For You — A Happy Birthday Grab Bag
In the birthday parties of my day, you’d maybe have a pin-the-tail-on-the-donkey type of thing to warm up the crowd. You’d maybe hold the party at a skating rink, where they’d maybe announce your name over the loud-speaker at the end of the day (pure joy!), and maybe they’d give you an inedible-yet-able-to-survive-a-nuclear-holocaust Little Debbie sponge cake with a candle in it.
Everything involved was, and appeared to be, an afterthought.
At the best of parties, you’d leave with a “grab bag” of random, unrelated trinkets thrown in a brown paper bag with Grab Bag scribbled on it in black magic marker. Not even a dentist office treasure chest could compete with the unbridled anticipation of digging into a plastic laundry basket filled with brown lumpy bags.
Maybe that’d bag contain some puffy unicorn stickers, probably a five-cent plastic top, possibly a glow-in-the-dark rubber bracelet and, if you were lucky, a Happy Meal toy still left inside the wrapper. On good days, you’d also find a few marshmallow Circus Peanuts that you’d promptly puke up in the back of your station wagon on the ride home.
So in honor of my past attended birthday parties (and in celebration of my 36th birthday this week), I present to you my grab bag of random crap. And don’t you dare send me one of the Martha Stewart line of Kodak thank-you photocards for this. I mean it. I’ll go ape-crazy on you for that.
This is a new weekly/bimonthly/annually/one-time segment I like to call . . .
Each week/month/year/Just today I will premier a photograph from the 70s, 80s or 90s of a person exhibiting their fashion A-Game. I am now accepting submissions for future segments/for just my own amusement. Click on my Contact page and email them to me — web link, jpg file, graphite rendering, whatevah. Please indicate if you wish to attribute the photo in your name, your friend’s name, or the name of a person listed in the obituary pages who is not able to protest your submission. [See also Voter Fraud.]
This one came to me by accident while trolling Facebook. Jason, a friend and loyal/sometimes blog reader of mine is, in current date, a Fashion Do! He “Wears It Better” than just about any guy I know. How unsurprising that his suave taste was apparent at an early age.

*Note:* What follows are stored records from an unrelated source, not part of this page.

lemma card_Shat_diff_le:
  assumes "X \<subseteq> verts G" "pit_graph (del_verts G X)"
  shows "card (Shat - X) \<le> card (X \<inter> \<Union>Chat)"
proof (rule card_le_card_if_disjoint_family_meets)
  show "finite (X \<inter> \<Union>Chat)" using assms(1) multigraph by (meson finite_Int finite_subset multigraph_def)
  show "disjoint_family_on (\<lambda>s. \<Union>{D. (s, D) \<in> M}) (Shat - X)"
    unfolding disjoint_family_on_def
  proof (intro ballI impI)
    fix s s' assume "s \<in> Shat - X" "s' \<in> Shat - X" "s \<noteq> s'"
    show "\<Union>{D. (s, D) \<in> M} \<inter> \<Union>{D. (s', D) \<in> M} = {}"
    proof (rule ccontr)
      assume "\<not> ?thesis"
      then obtain x D D' where "(s, D) \<in> M" "(s', D') \<in> M" "x \<in> D" "x \<in> D'" by blast
      have "D \<in> components (del_verts G S)" "D' \<in> components (del_verts G S)"
        using expansion_edge(2)[OF \<open>(s, D) \<in> M\<close>] expansion_edge(2)[OF \<open>(s', D') \<in> M\<close>]
        by (simp_all add: cyclic_components_def)
      then have "D = D'" using components_disjoint[OF symp_adj_del_verts[OF multigraph]] \<open>x \<in> D\<close> \<open>x \<in> D'\<close>
        by metis
      then show False
        using partner_unique \<open>(s, D) \<in> M\<close> \<open>(s', D') \<in> M\<close> \<open>s \<in> Shat - X\<close> \<open>s' \<in> Shat - X\<close> \<open>s \<noteq> s'\<close>
        by blast
    qed
  qed
  fix s assume "s \<in> Shat - X"
  then obtain D where "(s, D) \<in> M" "D \<inter> X \<noteq> {}" using solution_meets_partner[OF assms(2)] by blast
  moreover have "D \<in> Chat" using partner_in_Chat \<open>(s, D) \<in> M\<close> \<open>s \<in> Shat - X\<close> by blast
  ultimately show "\<Union>{D. (s, D) \<in> M} \<inter> (X \<inter> \<Union>Chat) \<noteq> {}" by blast
qed

lemma pit_graph_del_verts_exchange:
  assumes "pit_graph (del_verts G X)"
  shows "pit_graph (del_verts G (Shat \<union> (X - \<Union>Chat)))"
proof -
  define Y where "Y = Shat \<union> (X - \<Union>Chat)"
  define H where "H = del_verts G Y"
  have Chat_Y: "\<Union>Chat \<subseteq> verts G - Y" and Chat_S: "\<Union>Chat \<subseteq> verts G - S"
    using Chat_subset Shat_S by (auto simp: Y_def)
  have rest_X: "verts H - \<Union>Chat \<subseteq> verts G - X" and rest_Y: "verts H - \<Union>Chat \<subseteq> verts G - Y"
    by (auto simp: H_def Y_def del_verts_def)
  have "pit_graph H"
  proof (rule pit_graph_closed_split[where A = "\<Union>Chat"])
    show "multigraph H" unfolding H_def by (rule multigraph_del_verts[OF multigraph])
    show "adj_closed H (\<Union>Chat)"
      unfolding adj_closed_def H_def adj_del_verts Y_def using Chat_neighbour_outside_Shat by blast
    have "induced H (\<Union>Chat) = induced (del_verts G S) (\<Union>Chat)"
      using Chat_Y Chat_S by (simp add: H_def induced_del_verts)
    then show "pit_graph (induced H (\<Union>Chat))"
      using pit_graph_induced[OF symp_adj_del_verts[OF multigraph] pit_del_S] by simp
    have "induced H (verts H - \<Union>Chat) = induced (del_verts G X) (verts H - \<Union>Chat)"
      using rest_X rest_Y by (simp add: H_def induced_del_verts)
    then show "pit_graph (induced H (verts H - \<Union>Chat))"
      using pit_graph_induced[OF symp_adj_del_verts[OF multigraph] assms] by simp
  qed
  then show ?thesis by (simp add: H_def Y_def)
qed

I give this ensemble a B+. It’s just an all-around winner. Perfect for a jog around the arcade to see if they finally received the new Donkey Kong 2, suitable for an aerobics workout set to Olivia Newton John, or comfortable for just lounging around the house playing Space Invaders on your TV-set-shaped-like-a-chest-of-drawers. I unfortunately had to detract points since the tube socks are not Regulation Knee-High Length.
This ensemble is hands-down an A. No question. Let’s applaud Jason for finding an appropriate way to work in white pants after Labor Day. I first suspected they might actually be ultra-stonewashed jeans. I hope I was wrong about that.
My favorite thing about this ensemble is that my husband just last week layered a V-neck sweater over a shirt and tie. At the time, nothing about it felt Ricky Schroder/Carlton Banks/James Spader of Pretty in Pink/Sonny Crockett to me. Until I saw this photo.
It’s like I was blind and now I see. And am I seeing peach stripes? Oh please, let it be so.
Also in your take-home grab bag, you’ll find random recycled crap. Wait, it’s not crap. No, really! This is good stuff. Better than an unused Hamburglar pencil eraser. And it’s not all that random either — it carries a theme. Yes, a theme! Take that, Tinker Bell Birthday Party.
For you, just in time for the holidays, I have stuck in your bag:
1.) A hilarious interpretation of the classic Rudolph Christmas special, by blogger Speaker7, titled Santa Claus is Kind of a Dick,
2.) My past post on gifts-that-keep-on-keeping-on. Includes this bonus — what to do with the kitten sweatshirt given to you by your eccentric great-aunt (burning it may only work in special cases),
3.) My past post on my 1983 Sears Wish Book wishes. This one’s for the little people in your life who can’t even begin to grasp the level of toy extravagance (ahem, Barbie Yacht) we might’ve once enjoyed on Christmas morning if only our parents were as indulgent as theirs. And . . .
4.) A brief essay on why Generation X is sick of your bullsh*t. Which is not quite in line with the others’ holiday theme, but happens to be somewhat in line with my blog theme, and might be the funniest thing I’ve read in half a century. And that makes me want to thank sweet baby Jesus for the gift of laughter. Merry Christmas and happy birthday! Amen.
And that, my friends, is what you call a theme party. Thanks for stopping by! I hope you enjoyed your grab bag of trinkets. Now please leave your presents for me by the door as you depart. I hope you remembered I like Shrinky-dinks.